There is a déjà vu aspect to all this because the NIS was created to replace a previous rouge intel agency (the KCIA). The NIS misdeeds weren’t as bad as those of the KCIA (kidnapping, murder, extortion, theft, and so on). The NIS stands accused of having some of its operatives run an online smear campaign against a presidential candidate seen as too leftist and likely to help keep the North Korean dictatorship in power. This consisted of NIS operatives using several hundred different email addresses to post 1,900 messages criticizing candidates seen as leftist sympathizers of North Korea. What caused the most political ruckus was the 73 messages against the losing presidential candidate. But in an analysis of the campaign, the millions of political messages posted online during the campaign concluded that the NIS effort was too small and innocuous to have had any impact on the election outcome.
No one wants to dismantle the NIS, if only because it has been very effective in carrying out its legal responsibilities. This includes keeping tabs on North Korea and, in particular, investigating the recent increase of Internet hacking attacks from the north. The NIS figured out that a major series of attacks last year could be traced back to North Korean Ministry of Post and Telecommunications facilities. While there was no apparent damage from these attacks (which hit government sites in South Korea and the United States), similar attacks have made away with secret data.
The NIS has uncovered other North Korean and Chinese Information War programs. One if these was the use of bogus Internet messages to influence public opinion, and that is what it was recently busted for. What was unusual about that was the fact that whoever came up with that idea missed the point. That is, you have to unleash a lot more than 1,900 messages to have any impact. NIS, for example, uncovered a similar operation in North Korea, which used over 200 military intelligence operatives to post pro-North Korea messages on South Korean message boards and social media sites. The North Koreans also impersonate real South Koreans by using stolen passwords for South Korean Internet users.
These tactics began in China, where the “50 Cent Army” was born and has proven effective if done on a large enough scale. But after nearly a decade of use, the concept is running out of gas. Too many people are becoming aware of paid messages showing up in social media and messaging areas throughout the Internet. This is especially true in China, where the government has long been quietly paying Internet users a small fee to post pro-government responses on message boards where some company or the government is being criticized or maligned. For some members of the original Chinese "50 Cent Party" it was a full time job, receiving up to 50 cents (two yuan) each for up to a hundred pro-government messages posted a day, using several dozen different accounts. But most of the posters are volunteers or just do it to earn a little extra money. If you can post in foreign languages, especially colloquial English, you make more. Very few members of the "50 Cent Army" (as the mercenary posters were also known) made a lot of money.
But now many Internet users automatically recognize and ignore the paid messages and go out of their way to teach others what to look for. In the West many moderators of message boards have tools that allow them to instantly delete the accounts of paid posters and all their paid posts.

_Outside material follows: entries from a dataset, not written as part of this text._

(* Let $(X,\mathcal{O}(X))$ be a measurable space, $\mathcal{A}$ a unital $C^*$-algebra and $\mathcal{H}$ a finite-dimensional Hilbert space. Let $\mathcal{I}:\mathcal{O}(X)\to CP(\mathcal{A},\mathcal{B}(\mathcal{H}))$ be a UCP instrument which is $C^*$-extreme in $I_{\mathcal{H}}(X,\mathcal{A})$, with minimal bi-dilation $(\mathcal{K},\pi,E,V)$. Then the CP sub-minimal dilation of $\mathcal{I}$ coincides with its minimal bi-dilation; that is, $\overline{\mathrm{span}}\{\pi(a)Vh:a\in\mathcal{A},h\in\mathcal{H}\}=\mathcal{K}$, so that $(\mathcal{K},\pi,E,V)$ is itself the CP sub-minimal dilation of $\mathcal{I}$.
   Context: A CP instrument is a map $\mathcal{I}$ from $\mathcal{O}(X)$ to the completely positive maps $\mathcal{A}\to\mathcal{B}(\mathcal{H})$ such that for all $a\in\mathcal{A}$, $h,k\in\mathcal{H}$, $A\mapsto\langle h,\mathcal{I}(A)(a)k\rangle$ is a countably additive complex measure; write $\mathcal{I}(A,a)=\mathcal{I}(A)(a)$. It is UCP if $\mathcal{I}(X)(1_\mathcal{A})=I_\mathcal{H}$; $I_{\mathcal{H}}(X,\mathcal{A})$ is the set of UCP instruments. $\mathcal{I}$ is $C^*$-extreme if whenever $\mathcal{I}(\cdot)=\sum_{i=1}^nT_i^*\mathcal{I}_i(\cdot)T_i$ with $\mathcal{I}_i\in I_{\mathcal{H}}(X,\mathcal{A})$ and invertible $T_i$, $\sum T_i^*T_i=I_\mathcal{H}$, there are unitaries $U_i$ with $\mathcal{I}_i(\cdot)=U_i^*\mathcal{I}(\cdot)U_i$. A minimal bi-dilation is a quadruple $(\mathcal{K},\pi,E,V)$ with $\pi:\mathcal{A}\to\mathcal{B}(\mathcal{K})$ a unital $*$-homomorphism, $E:\mathcal{O}(X)\to\mathcal{B}(\mathcal{K})$ a spectral measure commuting with $\pi$, $V\in\mathcal{B}(\mathcal{H},\mathcal{K})$, with $\mathcal{I}(A,a)=V^*\pi(a)E(A)V$ and $\overline{\mathrm{span}}\{\pi(a)E(A)Vh\}=\mathcal{K}$. The CP sub-minimal dilation is $(\mathcal{K}_1,P_1\pi(\cdot)P_1|_{\mathcal{K}_1},P_1E(\cdot)P_1|_{\mathcal{K}_1},V)$ where $\mathcal{K}_1=\overline{\mathrm{span}}\,\pi(\mathcal{A})V\mathcal{H}$ and $P_1$ is the projection onto $\mathcal{K}_1$; it is a quadruple $(\mathcal{K}_1,\pi_1,\mu,V)$ with $\pi_1$ a unital $*$-homomorphism, $\mu$ a normalized POVM commuting with $\pi_1$, $\mathcal{I}(A,a)=V^*\pi_1(a)\mu(A)V$ and $\overline{\mathrm{span}}\,\pi_1(\mathcal{A})V\mathcal{H}=\mathcal{K}_1$. *)

theory Defs
  imports "HOL-Analysis.Analysis"
begin

class cvector = ab_group_add +
  fixes cscale :: "complex \<Rightarrow> 'a \<Rightarrow> 'a" (infixr \<open>*\<^sub>C\<close> 75)
  assumes cscale_add_right: "c *\<^sub>C (x + y) = c *\<^sub>C x + c *\<^sub>C y"
    and cscale_add_left: "(c + d) *\<^sub>C x = c *\<^sub>C x + d *\<^sub>C x"
    and cscale_cscale: "c *\<^sub>C (d *\<^sub>C x) = (c * d) *\<^sub>C x"
    and cscale_one: "1 *\<^sub>C x = x"

text \<open>Inner product: conjugate-linear in the first, linear in the second argument.\<close>
class cinner_space = cvector +
  fixes cinner :: "'a \<Rightarrow> 'a \<Rightarrow> complex"
  assumes cinner_conj: "cinner x y = cnj (cinner y x)"
    and cinner_add_right: "cinner x (y + z) = cinner x y + cinner x z"
    and cinner_cscale_right: "cinner x (c *\<^sub>C y) = c * cinner x y"
    and cinner_nonneg: "Im (cinner x x) = 0 \<and> 0 \<le> Re (cinner x x)"
    and cinner_zero_iff: "cinner x x = 0 \<longleftrightarrow> x = 0"

definition cnorm :: "'a::cinner_space \<Rightarrow> real" where
  "cnorm x = sqrt (Re (cinner x x))"

class chilbert = cinner_space +
  assumes chilbert_complete:
    "(\<forall>e>0. \<exists>N::nat. \<forall>m\<ge>N. \<forall>n\<ge>N. sqrt (Re (cinner (X m - X n) (X m - X n))) < e)
       \<Longrightarrow> (\<exists>L. \<forall>e>0. \<exists>N::nat. \<forall>n\<ge>N. sqrt (Re (cinner (X n - L) (X n - L))) < e)"

definition lin_span :: "'a::cvector set \<Rightarrow> 'a set" where
  "lin_span S = {\<Sum>i<(n::nat). c i *\<^sub>C v i | n c v. \<forall>i<n. v i \<in> S}"

definition norm_closure :: "'a::cinner_space set \<Rightarrow> 'a set" where
  "norm_closure S = {x. \<forall>e>0. \<exists>y\<in>S. cnorm (x - y) < e}"

definition finite_dim :: "'a::cvector itself \<Rightarrow> bool" where
  "finite_dim _ \<longleftrightarrow> (\<exists>B::'a set. finite B \<and> lin_span B = UNIV)"

definition clinear :: "('a::cvector \<Rightarrow> 'b::cvector) \<Rightarrow> bool" where
  "clinear f \<longleftrightarrow> (\<forall>x y. f (x + y) = f x + f y) \<and> (\<forall>c x. f (c *\<^sub>C x) = c *\<^sub>C f x)"

definition bounded_clinear :: "('a::cinner_space \<Rightarrow> 'b::cinner_space) \<Rightarrow> bool" where
  "bounded_clinear T \<longleftrightarrow> clinear T \<and> (\<exists>K. \<forall>x. cnorm (T x) \<le> K * cnorm x)"

definition adj :: "('a::cinner_space \<Rightarrow> 'b::cinner_space) \<Rightarrow> 'b \<Rightarrow> 'a" where
  "adj T = (SOME S. \<forall>x y. cinner (T x) y = cinner x (S y))"

definition invertible_op :: "('a::cinner_space \<Rightarrow> 'a) \<Rightarrow> bool" where
  "invertible_op T \<longleftrightarrow> bounded_clinear T \<and>
     (\<exists>S. bounded_clinear S \<and> S \<circ> T = id \<and> T \<circ> S = id)"

definition unitary_op :: "('a::chilbert \<Rightarrow> 'a) \<Rightarrow> bool" where
  "unitary_op U \<longleftrightarrow> bounded_clinear U \<and> adj U \<circ> U = id \<and> U \<circ> adj U = id"

definition orth_proj :: "('a::chilbert \<Rightarrow> 'a) \<Rightarrow> bool" where
  "orth_proj P \<longleftrightarrow> bounded_clinear P \<and> P \<circ> P = P \<and> adj P = P"

definition cnonneg :: "complex \<Rightarrow> bool" where
  "cnonneg z \<longleftrightarrow> Im z = 0 \<and> 0 \<le> Re z"

text \<open>A unital C*-algebra: complex Banach algebra with unit, involution \<open>cstar\<close>,
  and the C*-identity. (The zero algebra is allowed.)\<close>
class cstar_algebra = cvector + ring + monoid_mult +
  fixes cstar :: "'a \<Rightarrow> 'a"
    and anorm :: "'a \<Rightarrow> real"
  assumes cscale_mult_left: "(c *\<^sub>C a) * b = c *\<^sub>C (a * b)"
    and cscale_mult_right: "a * (c *\<^sub>C b) = c *\<^sub>C (a * b)"
    and anorm_nonneg: "0 \<le> anorm a"
    and anorm_zero_iff: "anorm a = 0 \<longleftrightarrow> a = 0"
    and anorm_triangle: "anorm (a + b) \<le> anorm a + anorm b"
    and anorm_cscale: "anorm (c *\<^sub>C a) = cmod c * anorm a"
    and anorm_mult: "anorm (a * b) \<le> anorm a * anorm b"
    and anorm_complete:
      "(\<forall>e>0. \<exists>N::nat. \<forall>m\<ge>N. \<forall>n\<ge>N. anorm (X m - X n) < e)
         \<Longrightarrow> (\<exists>L. \<forall>e>0. \<exists>N::nat. \<forall>n\<ge>N. anorm (X n - L) < e)"
    and cstar_cstar: "cstar (cstar a) = a"
    and cstar_add: "cstar (a + b) = cstar a + cstar b"
    and cstar_cscale: "cstar (c *\<^sub>C a) = cnj c *\<^sub>C cstar a"
    and cstar_mult: "cstar (a * b) = cstar b * cstar a"
    and cstar_identity: "anorm (cstar a * a) = anorm a ^ 2"

text \<open>Completely positive map \<open>\<A> \<rightarrow> B(\<H>)\<close>: linear, bounded-operator valued, and for every
  \<open>n\<close> the amplification \<open>\<phi>\<^sub>n\<close> maps each positive element \<open>B\<^sup>*B\<close> of \<open>M\<^sub>n(\<A>)\<close> to a positive
  operator on \<open>\<H>\<^sup>n\<close>.\<close>
definition cp_map :: "('a::cstar_algebra \<Rightarrow> 'h::chilbert \<Rightarrow> 'h) \<Rightarrow> bool" where
  "cp_map \<phi> \<longleftrightarrow>
     (\<forall>a b. \<phi> (a + b) = (\<lambda>x. \<phi> a x + \<phi> b x)) \<and>
     (\<forall>c a. \<phi> (c *\<^sub>C a) = (\<lambda>x. c *\<^sub>C \<phi> a x)) \<and>
     (\<forall>a. bounded_clinear (\<phi> a)) \<and>
     (\<forall>(n::nat) (B::nat \<Rightarrow> nat \<Rightarrow> 'a) (x::nat \<Rightarrow> 'h).
        cnonneg (\<Sum>i<n. \<Sum>j<n. cinner (x i) (\<phi> (\<Sum>k<n. cstar (B k i) * B k j) (x j))))"

definition countably_additive_c :: "'x measure \<Rightarrow> ('x set \<Rightarrow> complex) \<Rightarrow> bool" where
  "countably_additive_c M \<mu> \<longleftrightarrow>
     (\<forall>F::nat \<Rightarrow> 'x set. range F \<subseteq> sets M \<longrightarrow> disjoint_family F \<longrightarrow>
        (\<lambda>n. \<mu> (F n)) sums \<mu> (\<Union>n. F n))"

definition cp_instrument ::
  "'x measure \<Rightarrow> ('x set \<Rightarrow> 'a::cstar_algebra \<Rightarrow> 'h::chilbert \<Rightarrow> 'h) \<Rightarrow> bool" where
  "cp_instrument M \<I> \<longleftrightarrow>
     (\<forall>A\<in>sets M. cp_map (\<I> A)) \<and>
     (\<forall>a h k. countably_additive_c M (\<lambda>A. cinner h (\<I> A a k)))"

definition ucp_instrument ::
  "'x measure \<Rightarrow> ('x set \<Rightarrow> 'a::cstar_algebra \<Rightarrow> 'h::chilbert \<Rightarrow> 'h) \<Rightarrow> bool" where
  "ucp_instrument M \<I> \<longleftrightarrow> cp_instrument M \<I> \<and> \<I> (space M) 1 = id"

text \<open>C*-extreme points of \<open>I\<^sub>\<H>(X,\<A>)\<close>; instruments are compared on measurable sets.\<close>
definition cstar_extreme_instrument ::
  "'x measure \<Rightarrow> ('x set \<Rightarrow> 'a::cstar_algebra \<Rightarrow> 'h::chilbert \<Rightarrow> 'h) \<Rightarrow> bool" where
  "cstar_extreme_instrument M \<I> \<longleftrightarrow> ucp_instrument M \<I> \<and>
     (\<forall>(n::nat) (J::nat \<Rightarrow> 'x set \<Rightarrow> 'a \<Rightarrow> 'h \<Rightarrow> 'h) (T::nat \<Rightarrow> 'h \<Rightarrow> 'h).
        (\<forall>i<n. ucp_instrument M (J i) \<and> invertible_op (T i)) \<longrightarrow>
        (\<forall>x. (\<Sum>i<n. adj (T i) (T i x)) = x) \<longrightarrow>
        (\<forall>A\<in>sets M. \<forall>a. \<I> A a = (\<lambda>x. \<Sum>i<n. adj (T i) (J i A a (T i x)))) \<longrightarrow>
        (\<exists>U::nat \<Rightarrow> 'h \<Rightarrow> 'h. \<forall>i<n. unitary_op (U i) \<and>
            (\<forall>A\<in>sets M. \<forall>a. J i A a = adj (U i) \<circ> \<I> A a \<circ> U i)))"

definition unital_star_hom :: "('a::cstar_algebra \<Rightarrow> 'k::chilbert \<Rightarrow> 'k) \<Rightarrow> bool" where
  "unital_star_hom \<pi> \<longleftrightarrow>
     (\<forall>a. bounded_clinear (\<pi> a)) \<and>
     (\<forall>a b. \<pi> (a + b) = (\<lambda>x. \<pi> a x + \<pi> b x)) \<and>
     (\<forall>c a. \<pi> (c *\<^sub>C a) = (\<lambda>x. c *\<^sub>C \<pi> a x)) \<and>
     (\<forall>a b. \<pi> (a * b) = \<pi> a \<circ> \<pi> b) \<and>
     (\<forall>a. \<pi> (cstar a) = adj (\<pi> a)) \<and>
     \<pi> 1 = id"

definition spectral_measure :: "'x measure \<Rightarrow> ('x set \<Rightarrow> 'k::chilbert \<Rightarrow> 'k) \<Rightarrow> bool" where
  "spectral_measure M E \<longleftrightarrow>
     (\<forall>A\<in>sets M. orth_proj (E A)) \<and> E (space M) = id \<and>
     (\<forall>h k. countably_additive_c M (\<lambda>A. cinner h (E A k)))"

definition minimal_bi_dilation ::
  "'x measure \<Rightarrow> ('x set \<Rightarrow> 'a::cstar_algebra \<Rightarrow> 'h::chilbert \<Rightarrow> 'h)
     \<Rightarrow> ('a \<Rightarrow> 'k::chilbert \<Rightarrow> 'k) \<Rightarrow> ('x set \<Rightarrow> 'k \<Rightarrow> 'k) \<Rightarrow> ('h \<Rightarrow> 'k) \<Rightarrow> bool" where
  "minimal_bi_dilation M \<I> \<pi> E V \<longleftrightarrow>
     unital_star_hom \<pi> \<and> spectral_measure M E \<and> bounded_clinear V \<and>
     (\<forall>A\<in>sets M. \<forall>a. \<pi> a \<circ> E A = E A \<circ> \<pi> a) \<and>
     (\<forall>A\<in>sets M. \<forall>a. \<I> A a = adj V \<circ> \<pi> a \<circ> E A \<circ> V) \<and>
     norm_closure (lin_span {\<pi> a (E A (V h)) | a A h. A \<in> sets M}) = UNIV"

In China you can get arrested for doing that but not for just ignoring the paid propaganda.
The practice began a decade ago, as Chinese propaganda officials sought ways to deal with growing anti-government activity on Internet message boards. One idea was to organize the pro-government posters already out there. The propaganda bureaucracy (which is huge in China) did so and got so many volunteers that they soon developed a test to select the most capable posters and also set up training classes to improve the skills of these volunteers. Cash bonuses were offered for the most effective work. At one point, the government had nearly 100,000 volunteers and paid posters operating. This quickly evolved into the "50 Cent Army. In the last few years the Russian government has adopted the practice and now we have the "50 Ruble Army: in Russia.
The Chinese eventually realized that quality was better than quantity because the less articulate posters were easily spotted, and ridiculed, as members of the "50 Cent Army" or "Internet Apes" or the “Water (because of the zombie accounts used for posting) Army.” This was especially the case outside China. Inside China people just learned to ignore the government posters. But the more skilled Internet Apes often appear convincing to many people following Internet based discussions. The "50 Cent Army" was often a very worthwhile investment.
In the United States the same techniques were adopted to push political candidates or commercial products. There it was called "viral marketing." The CIA has used a similar technique to counter anti-American, or pro-terrorist, activity on the Internet. This activity also made it easier to spot potential terrorists or potential informants.
Russia also adopted the Chinese technique of harnessing the enthusiasm of pro-government volunteers. As happened elsewhere, bloggers and posters with a large following are also enticed to be pro-government, for a fee (or perhaps because of a few threats).
This practice of buying favorable attention in the media is nothing new and is centuries old. The U.S. is unique in that, for about a century, the American mass media has been largely free of this blatant bribery. But in most of the world a clever journalist quickly attracts the attention of people who will pay for some favorable comments. It's no secret, although many journalists insist they are not bought.